Second, efficiency-driven reductions may disproportionately degrade performance on minority language phenomena or rare linguistic constructions, even when aggregate accuracy remains high. Such effects may not be captured by standard benchmarks. As mitigation, we clearly document evaluation scope and limitations, avoid claims of universal applicability, and caution that results obtained on English-language benchmarks may not generalize without further validation.

Finally, there is a risk that energy metrics could be misconstrued as a complete measure of societal impact. We therefore position energy consumption as one dimension of responsible evaluation, alongside broader considerations of fairness, misuse, and downstream harm.

References


  1. Tianlong Chen, Jonathan Frankle, Shiyu Chang, Sijia Liu, Yang Zhang, Zhangyang Wang, and Michael Carbin. The lottery ticket hypothesis for pre-trained bert networks. In Proceedings of the 34th International Conference on Neural Information Processing Systems (NeurIPS 20), pages 15834–15846, 2020. 

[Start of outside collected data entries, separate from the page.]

(* Let $\Gamma$ be a graph whose switching class is a non-trivial regular two-graph. Then $\Gamma$ is not bipartite.
   Context: Graphs are finite, simple and undirected. For a graph $\Gamma$ with adjacency matrix $A$ on $v$ vertices, the Seidel matrix is $S(\Gamma)=J-I-2A$. For a partition $\Pi=\{U,W\}$ of the vertex set (one part possibly empty), Seidel switching gives the graph $\Gamma^\Pi$ on the same vertices in which two distinct vertices are adjacent iff either they are adjacent in $\Gamma$ and lie in the same part, or they are non-adjacent in $\Gamma$ and lie in different parts. The switching class $[\Gamma]$ is the set of all such $\Gamma^\Pi$. It is a regular two-graph if $S(\Gamma)$ has exactly two distinct eigenvalues; it is trivial if it contains a complete graph or an edgeless graph, and non-trivial otherwise. *)

theory Defs
  imports "HOL-Analysis.Analysis"
begin

definition simple_graph :: "('n::finite \<Rightarrow> 'n \<Rightarrow> bool) \<Rightarrow> bool" where
  "simple_graph E \<longleftrightarrow> (\<forall>x y. E x y \<longrightarrow> E y x) \<and> (\<forall>x. \<not> E x x)"

definition adjacency_matrix :: "('n::finite \<Rightarrow> 'n \<Rightarrow> bool) \<Rightarrow> real^'n^'n" where
  "adjacency_matrix E = (\<chi> i j. if E i j then 1 else 0)"
(* Let $(\boldsymbol x^H,\eta^H,\boldsymbol y^H,u^H)$ be the solution returned by Algorithm 1 (described in the context) and $(\boldsymbol x^*,\eta^*,\boldsymbol y^*,u^* )$ an optimal solution of the multistage model. Let $h_{\max}=\max_{i\in[M]}h_{1i}$, $f_{t,\max}=\max_{i}f_{ti}$, $f_{t,\min}=\min_if_{ti}$, $c_{t,\min}=\min_{i\in[M],j\in[N]}c_{tij}$, and $M_{\min}=\lceil\sum_{j=1}^Nd_{1j}/h_{\max}\rceil$, where $\boldsymbol d_1=(d_{11},\ldots,d_{1N})$ is the demand at the root node. Assume the denominator below is positive. Then $$\frac{z^{MS}_{T,R}(\boldsymbol x^H,\eta^H,\boldsymbol y^H,u^H)}{z^{MS}_{T,R}(\boldsymbol x^*,\eta^*,\boldsymbol y^*,u^* )}\le1+\frac{M\sum_{t=1}^Tf_{t,\max}}{M_{\min}\sum_{t=1}^Tf_{t,\min}+\sum_{t=1}^Tc_{t,\min}\min_{n\in\mathcal T_t}\{\sum_{j=1}^Nd_{n,j}\}}.$$
   Context: Setting. Integers $T\ge2$, $M,N\ge1$; costs $f_{ti}\ge0$ (vector $\boldsymbol f_t$), $c_{tij}\ge0$ (vector $\boldsymbol c_t\in\mathbb R^{MN}$), capacities $h_{ti}>0$; $(\boldsymbol A_t\boldsymbol y)_j=\sum_iy_{ij}$, $(\boldsymbol B_t\boldsymbol y)_i=\frac1{h_{ti}}\sum_jy_{ij}$. Ceilings and maxima of vectors are componentwise. Scenario tree: finite rooted tree, node set $\mathcal T$, root $1$, all root-to-leaf paths of $T$ nodes; $\mathcal T_t$ nodes at depth $t$, $t_n$ period of $n$, $\mathcal L=\mathcal T_T$, $a(n)$ parent, $\mathcal C(n)$ children, $\mathcal P(n)$ nodes on the root-to-$n$ path (inclusive); probabilities $p_n>0$, $\sum_{n\in\mathcal T_t}p_n=1$, $\sum_{m\in\mathcal C(n)}p_m=p_n$; demands $\boldsymbol d_n=(d_{n,1},\ldots,d_{n,N})\in\mathbb R^N_{\ge0}$. Risk parameters $\lambda_t\in[0,1]$, $\alpha_t\in(0,1)$ ($t\ge2$); $\tilde{\boldsymbol f}_n=\boldsymbol f_{t_n}$ if $n=1$ else $(1-\lambda_{t_n})\boldsymbol f_{t_n}$; $\tilde{\boldsymbol c}_n=\boldsymbol c_{t_n}$ if $n=1$ else $(1-\lambda_{t_n})\boldsymbol c_{t_n}$; $\tilde\lambda_n=0$ if $n\in\mathcal L$ else $\lambda_{t_n+1}$; $\tilde\alpha_n=0$ if $n=1$ else $\lambda_{t_n}/(1-\alpha_{t_n})$. Multistage model: minimize $z^{MS}_{T,R}(\boldsymbol x,\eta,\boldsymbol y,u):=\sum_{n\in\mathcal T}p_n\big(\tilde{\boldsymbol f}_n^{\mathsf T}\sum_{m\in\mathcal P(n)}\boldsymbol x_m+\tilde{\boldsymbol c}_n^{\mathsf T}\boldsymbol y_n+\tilde\lambda_n\eta_n+\tilde\alpha_nu_n\big)$ over $\boldsymbol x_n\in\mathbb Z^M_+$, $\boldsymbol y_n\in\mathbb R^{MN}_+$ ($n\in\mathcal T$), $\eta_n\in\mathbb R$ ($n\notin\mathcal L$), $u_n\ge0$ ($n\ne1$), subject to $\boldsymbol A_{t_n}\boldsymbol y_n=\boldsymbol d_n$, $\boldsymbol B_{t_n}\boldsymbol y_n\le\sum_{m\in\mathcal P(n)}\boldsymbol x_m$ ($n\in\mathcal T$), $u_n+\eta_{a(n)}\ge\boldsymbol f_{t_n}^{\mathsf T}\sum_{m\in\mathcal P(n)}\boldsymbol x_m+\boldsymbol c_{t_n}^{\mathsf T}\boldsymbol y_n$ ($n\ne1$). Algorithm 1. Step 1: solve the LP relaxation (drop integrality of $\boldsymbol x$) of the multistage model, obtaining an optimal $(\boldsymbol x^{MSLP},\eta^{MSLP},\boldsymbol y^{MSLP},u^{MSLP})$; if all $\boldsymbol x^{MSLP}_n$ are integral, stop and return it. Step 2: set $k=0$ and $(\boldsymbol x^0,\eta^0,\boldsymbol y^0,u^0)=(\boldsymbol x^{MSLP},\eta^{MSLP},\boldsymbol y^{MSLP},u^{MSLP})$. Repeat until successive iterates differ by less than a tolerance $\epsilon$: (a) set $\boldsymbol x^{k+1}_1=\lceil\boldsymbol B_{t_1}\boldsymbol y^k_1\rceil$, $\boldsymbol x^{k+1}_n=\max_{m\in\mathcal P(n)}\lceil\boldsymbol B_{t_m}\boldsymbol y^k_m\rceil-\max_{m\in\mathcal P(a(n))}\lceil\boldsymbol B_{t_m}\boldsymbol y^k_m\rceil$ ($n\ne1$), $\eta^{k+1}_n=\max_{m\in\mathcal C(n)}\{\boldsymbol f_{t_m}^{\mathsf T}\sum_{l\in\mathcal P(m)}\boldsymbol x^{k+1}_l+\boldsymbol c_{t_m}^{\mathsf T}\boldsymbol y^k_m-u^k_m\}$ ($n\notin\mathcal L$); (b) for each $n\ne1$ independently, let $(\boldsymbol y^{k+1}_n,u^{k+1}_n)$ be an optimal solution of $\min\tilde{\boldsymbol c}_n^{\mathsf T}\boldsymbol y_n+\tilde\alpha_nu_n$ s.t. $\boldsymbol B_{t_n}\boldsymbol y_n\le\sum_{m\in\mathcal P(n)}\boldsymbol x^{k+1}_m$, $\boldsymbol A_{t_n}\boldsymbol y_n=\boldsymbol d_n$, $u_n-\boldsymbol c_{t_n}^{\mathsf T}\boldsymbol y_n\ge\boldsymbol f_{t_n}^{\mathsf T}\sum_{m\in\mathcal P(n)}\boldsymbol x^{k+1}_m-\eta^{k+1}_{a(n)}$, $\boldsymbol y_n\ge0$, $u_n\ge0$; for $n=1$ solve the same problem without $u_1$ and the last constraint; (c) $k\leftarrow k+1$. Return the final iterate, denoted $(\boldsymbol x^H,\eta^H,\boldsymbol y^H,u^H)$. *)

theory Defs
  imports Complex_Main
begin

  2. Paul Michel, Omer Levy, and Graham Neubig. Are sixteen heads really better than one? In Proceedings of the 33rd Conference on Neural Information Processing Systems (NeurIPS 19), pages 14037–14047, 2019. 

  3. Elena Voita, David Talbot, Fedor Moiseev, Rico Sennrich, and Ivan Titov. Analyzing multi-head self-attention: Specialized heads do the heavy lifting, the rest can be pruned. In Proceedings of the 57th Annual Meeting of the Association for Computational Linguistics (ACL 2019), pages 5797–5808, 2019. 

  4. Victor Sanh, Thomas Wolf, and Alexander M. Rush. Movement pruning: Adaptive sparsity by fine-tuning. In 34th International Conference on Neural Information Processing Systems (NeurIPS 2020), pages 20378–20389, 2020. 

  5. Jacob Devlin, Ming-Wei Chang, Kenton Lee, and Kristina Toutanova. Bert: Pre-training of deep bidirectional transformers for language understanding. In Proceedings of the 2019 Conference of the North American Chapter of the Association for Computational Linguistics (NAACL-HLT 2019), pages 4171–4186, 2019. 

  6. Emma Strubell, Ananya Ganesh, and Andrew McCallum. Energy and policy considerations for deep learning in nlp. In Proceedings of the 57th Annual Meeting of the Association for Computational Linguistics (ACL 2019), pages 3645–3650, 2019. 

  7. Roy Schwartz, Jesse Dodge, Noah A. Smith, and Oren Etzioni. Green ai. Communications of the ACM, 63(12):54–63, 2020.